Foundry Daily News

GER - Volkswagen aims USD 4.3 billion in cost savings from Porsche merger

Bloomberg quoted Mr Hans Dieter Poetsch CFO of Volkswagen AG as saying that it aims to achieve EUR 3 billion in cost savings from merging with Porsche SE.

Mr Poetsch said that Volkswagen, which will pay EUR 3.3 billion for 42% of Porsche’s automotive unit as a first step in the merger, will issue as much as EUR 4 billion in new preferred shares in the first half of 2010 to help fund the purchase.

The combination would end a 4 year feud for control that led to Porsche amassing at least EUR 10 billion in debt to buy a 51% holding in Volkswagen, its biggest supplier, in a failed takeover attempt. Porsche halted the effort to acquire VW in May, and the companies outlined plans last month for a transaction that would also include investments by Qatar.

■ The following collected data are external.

lemma ar_completed_batch_length_ge:
  assumes "batch (ar_restart T c m) s b" "ar_restart T c m (Suc b)" "0 < c"
    and "ar_variation T c m b \<le> V"
  shows "sqrt (real T / (V + c)) \<le> real (b - s + 1)"
proof -
  have "real T / (V + c) \<le> real T / (ar_variation T c m b + c)"
    using assms(3,4) ar_variation_nonneg[of T c m b] by (intro divide_left_mono) auto
  then have "sqrt (real T / (V + c)) \<le> sqrt (real T / (ar_variation T c m b + c))" by simp
  also have "\<dots> \<le> real (b - s + 1)" using ar_batch_ends[OF assms(1,2)] .
  finally show ?thesis .
qed

lemma arprod_regret_le_sqrt:
  assumes "1 \<le> T" "(v, m) \<in> seqs T V"
  defines "c \<equiv> 1 / real T"
  shows "arprod_regret T v m
           \<le> 4 * sqrt (real T) * sqrt (V + c) + (2 * ln (real T) + 2) * (real T / sqrt (real T / (V + c)) + 1) + 2"
proof -
  define Q where "Q n = 4 * sqrt (real T) * sqrt (ar_variation T c m n + c)" for n
  have "0 < c" using assms(1) by (simp add: c_def)
  have var_le: "ar_variation T c m n \<le> V" if "n \<le> T" for n
    using ar_variation_le[of T c m n] variation_mono[of 1 1 n T m] seqs_variation_le[OF assms(2)] that
    by linarith
  then have "0 \<le> V" using ar_variation_nonneg[of T c m 0] by fastforce
  have "arprod_regret T v m = prod_regret T T (1 / real T) (1/2) (ar_restart T c m) v m"
    by (simp add: arprod_regret_def c_def)
  also have "\<dots> \<le> Q T - Q 0 + (2 * ln (real T) + 2) * (real T / sqrt (real T / (V + c)) + 1) + 2"
  proof (rule prod_regret_le)
    show "ar_restart T c m 1" by (simp add: ar_restart_def)
    show "0 < sqrt (real T / (V + c))" using assms(1) \<open>0 < c\<close> \<open>0 \<le> V\<close> by simp
  next
    fix s b assume "batch (ar_restart T c m) s b" "b < T" "ar_restart T c m (Suc b)"
    then show "sqrt (real T / (V + c)) \<le> real (b - s + 1)"
      using ar_completed_batch_length_ge \<open>0 < c\<close> var_le by simp
  next
    fix s b assume "batch (ar_restart T c m) s b"
    from ar_batch_drift_le[OF this \<open>0 < c\<close>]
    show "2 * real (b - s) * variation m s (b - 1) \<le> Q b - Q (s - 1)"
      unfolding Q_def by (simp add: algebra_simps)
  qed (use assms seqs_bounded in auto)
  also have "Q T - Q 0 \<le> 4 * sqrt (real T) * sqrt (V + c)"
  proof -
    have "Q T \<le> 4 * sqrt (real T) * sqrt (V + c)"
      unfolding Q_def using var_le[of T] by (intro mult_left_mono) auto
    moreover have "0 \<le> Q 0" unfolding Q_def using ar_variation_nonneg[of T c m 0] \<open>0 < c\<close> by simp
    ultimately show ?thesis by simp
  qed
  finally show ?thesis by simp
qed
(* Let $m\ge2$ and $\Omega_{\mathbb{J}(2m)}=\sum_{j=1}^m(z_{2j-1}dz_{2j}-z_{2j}dz_{2j-1})$ on $\mathbb{C}^{2m}$. Then $\Omega_{\mathbb{J}(2m)}$ has no integral manifold through the origin.
   Context: An integral manifold of a holomorphic one-form $\Omega$ through a point $p$ is a germ at $p$ of an irreducible codimension one complex analytic subset $\Lambda$ whose regular part $\Lambda^*=\Lambda\setminus\operatorname{sing}(\Lambda)$ satisfies $T\Lambda^*\subset\operatorname{Ker}(\Omega)|_{\Lambda^*}$. *)

theory Defs
  imports "HOL-Analysis.Analysis"
begin

definition cholo_on :: "(complex ^ 'n) set \<Rightarrow> (complex ^ 'n \<Rightarrow> complex) \<Rightarrow> bool" where
  "cholo_on V f \<longleftrightarrow> (\<forall>x\<in>V. \<exists>L. (f has_derivative L) (at x) \<and>
       (\<forall>v. L (\<i> *s v) = \<i> * L v))"

definition analytic_in :: "(complex ^ 'n) set \<Rightarrow> (complex ^ 'n) set \<Rightarrow> bool" where
  "analytic_in U A \<longleftrightarrow> open U \<and> A \<subseteq> U \<and>
     (\<forall>x\<in>U. \<exists>V. open V \<and> x \<in> V \<and> V \<subseteq> U \<and>
        (\<exists>(k::nat) f. (\<forall>i<k. cholo_on V (f i)) \<and> A \<inter> V = {z\<in>V. \<forall>i<k. f i z = 0}))"

definition germ_eq :: "'a::topological_space \<Rightarrow> 'a set \<Rightarrow> 'a set \<Rightarrow> bool" where
  "germ_eq p B C \<longleftrightarrow> (\<exists>W. open W \<and> p \<in> W \<and> B \<inter> W = C \<inter> W)"

definition irreducible_germ :: "complex ^ 'n \<Rightarrow> (complex ^ 'n) set \<Rightarrow> (complex ^ 'n) set \<Rightarrow> bool" where
  "irreducible_germ p U A \<longleftrightarrow> p \<in> A \<and>
     (\<forall>V A1 A2. open V \<and> p \<in> V \<and> V \<subseteq> U \<and> analytic_in V A1 \<and> analytic_in V A2 \<and>
        A \<inter> V = A1 \<union> A2 \<longrightarrow> germ_eq p A1 A \<or> germ_eq p A2 A)"

definition regular_pt_dim :: "(complex ^ 'n) set \<Rightarrow> complex ^ 'n \<Rightarrow> nat \<Rightarrow> bool" where
  "regular_pt_dim A x d \<longleftrightarrow> x \<in> A \<and> d \<le> CARD('n) \<and>
     (\<exists>W g. open W \<and> x \<in> W \<and> (\<forall>i < CARD('n) - d. cholo_on W (g i)) \<and>
        (\<forall>y\<in>W. \<exists>L. (\<forall>i < CARD('n) - d. (g i has_derivative L i) (at y)) \<and>
            (\<forall>c::nat \<Rightarrow> complex. (\<forall>v. (\<Sum>i < CARD('n) - d. c i * L i v) = 0)
                 \<longrightarrow> (\<forall>i < CARD('n) - d. c i = 0))) \<and>
        A \<inter> W = {z\<in>W. \<forall>i < CARD('n) - d. g i z = 0})"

Ms Stephanie Brinley analyst at AutoPacific Inc said that "The merger seems kind of odd because the companies work together anyway, so they clearly don’t need to own one another to work together. The story reads like a personal war instead of a strategic purchase, but that doesn’t mean VW can’t make it work."

Mr Martin Winterkorn CEO of Volkswagen will take the CEO post at Porsche and Mr Poetsch will become head of finance there as of September 15th 2009. Mr Wendelin Wiedeking CEO of Porsche and Mr Holger Haerter CFO of Porsche stepped down on July 23rd 2009 when the companies agreed to merge.

Volkswagen said that the combination, which the companies aim to complete sometime in 2011, will boost operating profit by EUR 700 million annually.